PROBLEM:
Copy out each line containing "close" from the entries below.

DATA RECORDS:
lemma nn_integral_PiM_share:
  fixes \<mu> :: "'b measure" and e :: "'b \<Rightarrow> real" and K :: "'i set"
  assumes \<mu>: "prob_space \<mu>" and e[measurable]: "e \<in> borel_measurable \<mu>" and e_pos: "\<And>v. 0 < e v"
    and K: "finite K" and i: "i \<in> K"
  shows "(\<integral>\<^sup>+\<omega>. ennreal (real (card K) * e (\<omega> i) / (\<Sum>j\<in>K. e (\<omega> j))) \<partial>(\<Pi>\<^sub>M j\<in>K. \<mu>)) = 1"
proof -
  interpret \<Pi>: prob_space "\<Pi>\<^sub>M j\<in>K. \<mu>"
    using \<mu> by (intro prob_space_PiM)
  let ?share = "\<lambda>i. \<integral>\<^sup>+\<omega>. ennreal (e (\<omega> i) / (\<Sum>j\<in>K. e (\<omega> j))) \<partial>(\<Pi>\<^sub>M j\<in>K. \<mu>)"
  have total: "(\<Sum>j\<in>K. e (\<omega> j)) > 0" for \<omega>
    using K i e_pos by (intro sum_pos) auto
  have "(\<Sum>a\<in>K. ?share a) = (\<integral>\<^sup>+\<omega>. (\<Sum>a\<in>K. ennreal (e (\<omega> a) / (\<Sum>j\<in>K. e (\<omega> j)))) \<partial>(\<Pi>\<^sub>M j\<in>K. \<mu>))"
    by (subst nn_integral_sum) auto
  also have "\<dots> = (\<integral>\<^sup>+\<omega>. 1 \<partial>(\<Pi>\<^sub>M j\<in>K. \<mu>))"
  proof (rule nn_integral_cong)
    fix \<omega>
    have "(\<Sum>a\<in>K. ennreal (e (\<omega> a) / (\<Sum>j\<in>K. e (\<omega> j)))) = ennreal (\<Sum>a\<in>K. e (\<omega> a) / (\<Sum>j\<in>K. e (\<omega> j)))"
      using total[of \<omega>] e_pos by (intro sum_ennreal) (auto intro: less_imp_le)
    also have "(\<Sum>a\<in>K. e (\<omega> a) / (\<Sum>j\<in>K. e (\<omega> j))) = 1"
      using total[of \<omega>] by (simp add: sum_divide_distrib[symmetric])
    finally show "(\<Sum>a\<in>K. ennreal (e (\<omega> a) / (\<Sum>j\<in>K. e (\<omega> j)))) = 1" by simp
  qed
  also have "\<dots> = 1"
    using \<Pi>.emeasure_space_1 by simp
  finally have "(\<Sum>a\<in>K. ?share a) = 1" .
  moreover have "(\<Sum>a\<in>K. ?share a) = (\<Sum>a\<in>K. ?share i)"
    using nn_integral_PiM_share_swap[OF \<mu> e K i] by (intro sum.cong) auto
  moreover have "(\<integral>\<^sup>+\<omega>. ennreal (real (card K) * e (\<omega> i) / (\<Sum>j\<in>K. e (\<omega> j))) \<partial>(\<Pi>\<^sub>M j\<in>K. \<mu>))
      = ennreal (real (card K)) * ?share i"
    using i by (subst nn_integral_cmult[symmetric])
       (auto intro!: nn_integral_cong simp: ennreal_mult'[symmetric])
  ultimately show ?thesis
    by (simp add: ennreal_of_nat_eq_real_of_nat)
qed
lemma fprod_commute: "fprod p F G \<alpha> = fprod (\<lambda>a b. p b a) G F \<alpha>"
  unfolding fprod_def
  by (rule sum.reindex_bij_witness[where i="\<lambda>\<beta> x. \<alpha> x - \<beta> x" and j="\<lambda>\<beta> x. \<alpha> x - \<beta> x"])
    (simp_all add: diff_diff_cancel_fun)

lemma fprod_cong_right:
  assumes "\<And>\<beta>. \<forall>x. \<beta> x \<le> \<alpha> x \<Longrightarrow> G \<beta> = G' \<beta>"
  shows "fprod p F G \<alpha> = fprod p F G' \<alpha>"
  unfolding fprod_def using assms by (intro sum.cong) auto

locale lie_algebra_invariant_form =
  fixes sm :: "complex \<Rightarrow> 'g::ab_group_add \<Rightarrow> 'g"
    and br :: "'g \<Rightarrow> 'g \<Rightarrow> 'g"
    and B :: "'g \<Rightarrow> 'g \<Rightarrow> complex"
  assumes lie_alg: "lie_alg sm br"
    and inv_form: "inv_form sm br B"
begin

sublocale vector_space sm
  using lie_alg by (simp add: lie_alg_def)

lemma bracket_add_left: "br (x + y) z = br x z + br y z"
  and bracket_scale_left: "br (sm c x) y = sm c (br x y)"
  and bracket_self: "br x x = 0"
  using lie_alg unfolding lie_alg_def by blast+

lemma form_add_left: "B (x + y) z = B x z + B y z"
  and form_scale_left: "B (sm c x) y = c * B x y"
  and form_commute: "B x y = B y x"
  and form_bracket: "B (br x y) z = B x (br y z)"
  and form_nondegenerate: "(\<And>y. B x y = 0) \<Longrightarrow> x = 0"
  using inv_form unfolding inv_form_def by metis+

lemma form_zero_left: "B 0 z = 0"
  using form_add_left[of 0 0 z] by simp

lemma form_zero_right: "B x 0 = 0"
  by (simp add: form_commute[of x] form_zero_left)

lemma form_minus_left: "B (- x) z = - B x z"
  using form_add_left[of "- x" x z] by (simp add: form_zero_left eq_neg_iff_add_eq_0)

lemma form_diff_left: "B (x - y) z = B x z - B y z"
  using form_add_left[of x "- y" z] by (simp add: form_minus_left)

lemma form_add_right: "B x (y + z) = B x y + B x z"
  by (simp add: form_commute[of x] form_add_left)

lemma form_sum_left: "B (sum g S) z = (\<Sum>a\<in>S. B (g a) z)"
  by (induction S rule: infinite_finite_induct) (simp_all add: form_zero_left form_add_left)

text \<open>Additivity in the second argument is not among the axioms of \<^const>\<open>lie_alg\<close>;
  it follows from nondegeneracy and invariance of the form.\<close>
lemma bracket_add_right: "br x (y + z) = br x y + br x z"
proof -
  have swap: "B (br x v) u = B (br u x) v" for u v
    by (metis form_bracket form_commute)
  have "B (br x (y + z) - (br x y + br x z)) u = 0" for u
    by (simp add: form_diff_left form_add_left form_add_right
        swap[where v = "y + z"] swap[where v = y] swap[where v = z])
  then show ?thesis
    using form_nondegenerate by fastforce
qed

lemma bracket_zero_right: "br x 0 = 0"
  using bracket_add_right[of x 0 0] by simp

lemma bracket_anticommute: "br x y = - br y x"
proof -
  have "0 = br (x + y) (x + y)"
    by (simp only: bracket_self)
  also have "\<dots> = br x y + br y x"
    by (simp only: bracket_add_left bracket_add_right) (simp add: bracket_self)
  finally have "br x y + br y x = 0" by simp
  then show ?thesis
    by (simp add: eq_neg_iff_add_eq_0)
qed

lemma bracket_scale_right: "br x (sm c y) = sm c (br x y)"
  by (simp add: bracket_anticommute[of x] bracket_scale_left)

lemma form_bracket_eigenvector:
  assumes "br D x = sm c x"
  shows "B D (br x y) = c * B x y"
  by (simp add: form_bracket[symmetric] assms form_scale_left)

lemma form_fprod_bracket_left:
  "B (fprod br F G \<alpha>) Y = - fprod B G (\<lambda>\<beta>. br (F \<beta>) Y) \<alpha>"
proof -
  have "B (fprod br F G \<alpha>) Y = - fprod (\<lambda>a b. B b a) (\<lambda>\<beta>. br (F \<beta>) Y) G \<alpha>"
    unfolding fprod_def form_sum_left
    by (simp add: bracket_anticommute[of "F _"] form_minus_left form_bracket sum_negf)
  also have "\<dots> = - fprod B G (\<lambda>\<beta>. br (F \<beta>) Y) \<alpha>"
    by (simp only: fprod_commute[of B G])
  finally show ?thesis .
qed

lemma Ad_comp_0: "Ad_comp sm br w X 0 = fconst X"
  unfolding Ad_comp_def comps_0 by (simp add: fun_eq_iff)

lemma Ad_comp_1: "Ad_comp sm br w X 1 = fprod br (w 1) (fconst X)"
  unfolding Ad_comp_def comps_1 by (simp add: fun_eq_iff)
(* If $\lambda_n\to\infty$, then for every $d>-1$, $$\rho(\psi_d,\lambda_n)=1-\frac{(d-1)^2}{6\lambda_n}+O(\lambda_n^{-2}).$$
   Context: $\lambda_n>0$ is a sequence of parameters; $\xi\sim\mathrm{Poisson}(\lambda_n)$. For a real function $h$ on $[0,\infty)$, $r_n=\lambda_n^{-1}\mathrm{cov}(h(\xi),\xi)$ and $\rho(h,\lambda_n)=\mathrm{corr}(h(\xi)-r_n\xi,\ \xi^2-(2\lambda_n+1)\xi)$. Power divergence functions: $\psi_d(x)=\frac{2}{d(d+1)}x[(x/\lambda_n)^d-1]$ for $d>-1$, $d\ne0$, and $\psi_0(x)=2x\log(x/\lambda_n)$. *)

theory Defs
  imports "HOL-Probability.Probability" "HOL-Library.Landau_Symbols"
begin

definition pois_E :: "real \<Rightarrow> (real \<Rightarrow> real) \<Rightarrow> real" where
  "pois_E l h = measure_pmf.expectation (poisson_pmf l) (\<lambda>k. h (real k))"

definition pois_cov :: "real \<Rightarrow> (real \<Rightarrow> real) \<Rightarrow> (real \<Rightarrow> real) \<Rightarrow> real" where
  "pois_cov l f g = pois_E l (\<lambda>x. f x * g x) - pois_E l f * pois_E l g"

definition pois_corr :: "real \<Rightarrow> (real \<Rightarrow> real) \<Rightarrow> (real \<Rightarrow> real) \<Rightarrow> real" where
  "pois_corr l f g = pois_cov l f g / sqrt (pois_cov l f f * pois_cov l g g)"

definition r_coef :: "(real \<Rightarrow> real) \<Rightarrow> real \<Rightarrow> real" where
  "r_coef h l = pois_cov l h (\<lambda>x. x) / l"

definition rho :: "(real \<Rightarrow> real) \<Rightarrow> real \<Rightarrow> real" where
  "rho h l = pois_corr l (\<lambda>x. h x - r_coef h l * x) (\<lambda>x. x\<^sup>2 - (2 * l + 1) * x)"

text \<open>Power divergence functions; at x = 0 the value is 0 (0 powr d = 0, ln 0 = 0).\<close>
definition psi :: "real \<Rightarrow> real \<Rightarrow> real \<Rightarrow> real" where
  "psi d l x = (if d = 0 then 2 * x * ln (x / l)
               else 2 / (d * (d + 1)) * x * ((x / l) powr d - 1))"

end

(*
  For X ~ Poisson(l) the Stein-Chen identity E[X F(X)] = l E[F(X+1)] gives
  E[f(X) C_k(X)] = l^k E[Delta^k f(X)] for the monic Charlier polynomials C_k, which are therefore
  orthogonal with E[C_k^2] = k! l^k.  Splitting h = psi_d(., l) into its projection onto
  C_0, ..., C_3 and an orthogonal residual W turns rho into
    l^2 E[Delta^2 h] / sqrt ((l^2 E[Delta^2 h]^2 / 2 + l^3 E[Delta^3 h]^2 / 6 + E[W^2]) * 2 l^2).
  Since psi_d(x, l) = l psi_d(x / l, 1), a Taylor expansion of psi_d(., 1) at 1, whose remainder
  is controlled by the exponential moments of (X - l) / sqrt l, yields E[Delta^2 h] = 2/l + O(l^-2),
  E[Delta^3 h] = 2(d-1)/l^2 + O(l^-3) and E[W^2] = O(l^-2); expanding
  1 / sqrt (1 + w) = 1 - w/2 + O(w^2) gives the claim.
*)

theory Submission
  imports Defs
begin
(* Let $D$ be an integral domain, $S$ a multiplicative subset of $D$, and $M$ a torsion-free $D$-module which is a $w$-module. Then: (1) If $M$ is an $S$-SM-module, then $M$ is a $w$-locally $S$-Noetherian module. (2) If $M$ is a $w$-locally $S$-Noetherian module which has finite $w$-character, then $M$ is an $S$-SM-module.
   Context: Let $K$ be the quotient field of $D$; $I_v=(I^{-1})^{-1}$ with $I^{-1}=\{a\in K\mid aI\subseteq D\}$; $\mathrm{GV}(D)$ is the set of finitely generated ideals $J$ with $J_v=D$. For a torsion-free module $N$, $N_w=\{x\in N\otimes K\mid xJ\subseteq N\text{ for some }J\in\mathrm{GV}(D)\}$; $N$ is a $w$-module if $N_w=N$; maximal $w$-ideals are proper ideals $I$ with $I_w=I$ maximal among such. A submodule $N$ of $M$ is $S$-$w$-finite if there exist $s\in S$ and a finitely generated submodule $F$ of $M$ with $Ns\subseteq F_w\subseteq N_w$; $M$ is an $S$-SM-module if every $w$-submodule ($L_w=L$) is $S$-$w$-finite. A submodule is $S$-finite if $Ls\subseteq F\subseteq L$ for some $s\in S$ and finitely generated $F$; a module is $S$-Noetherian if every submodule is $S$-finite. $M$ is $w$-locally $S$-Noetherian if for every maximal $w$-ideal $\mathfrak{m}$ of $D$, $M_{\mathfrak{m}}$ is an $S$-Noetherian $D_{\mathfrak{m}}$-module. With $(aD:M)=\{d\in D\mid Md\subseteq aD\}$, $M$ has finite $w$-character if for each nonzero $a\in M$ with $(aD:M)\neq D$, $(aD:M)$ is contained in only finitely many maximal $w$-ideals of $D$. *)

theory Defs
  imports Complex_Main "HOL-Computational_Algebra.Fraction_Field"
begin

TASK OUTPUT:
text \<open>Additivity in the second argument is not among the axioms of \<^const>\<open>lie_alg\<close>;
  it follows from nondegeneracy and invariance of the form.\<close>
text \<open>Power divergence functions; at x = 0 the value is 0 (0 powr d = 0, ln 0 = 0).\<close>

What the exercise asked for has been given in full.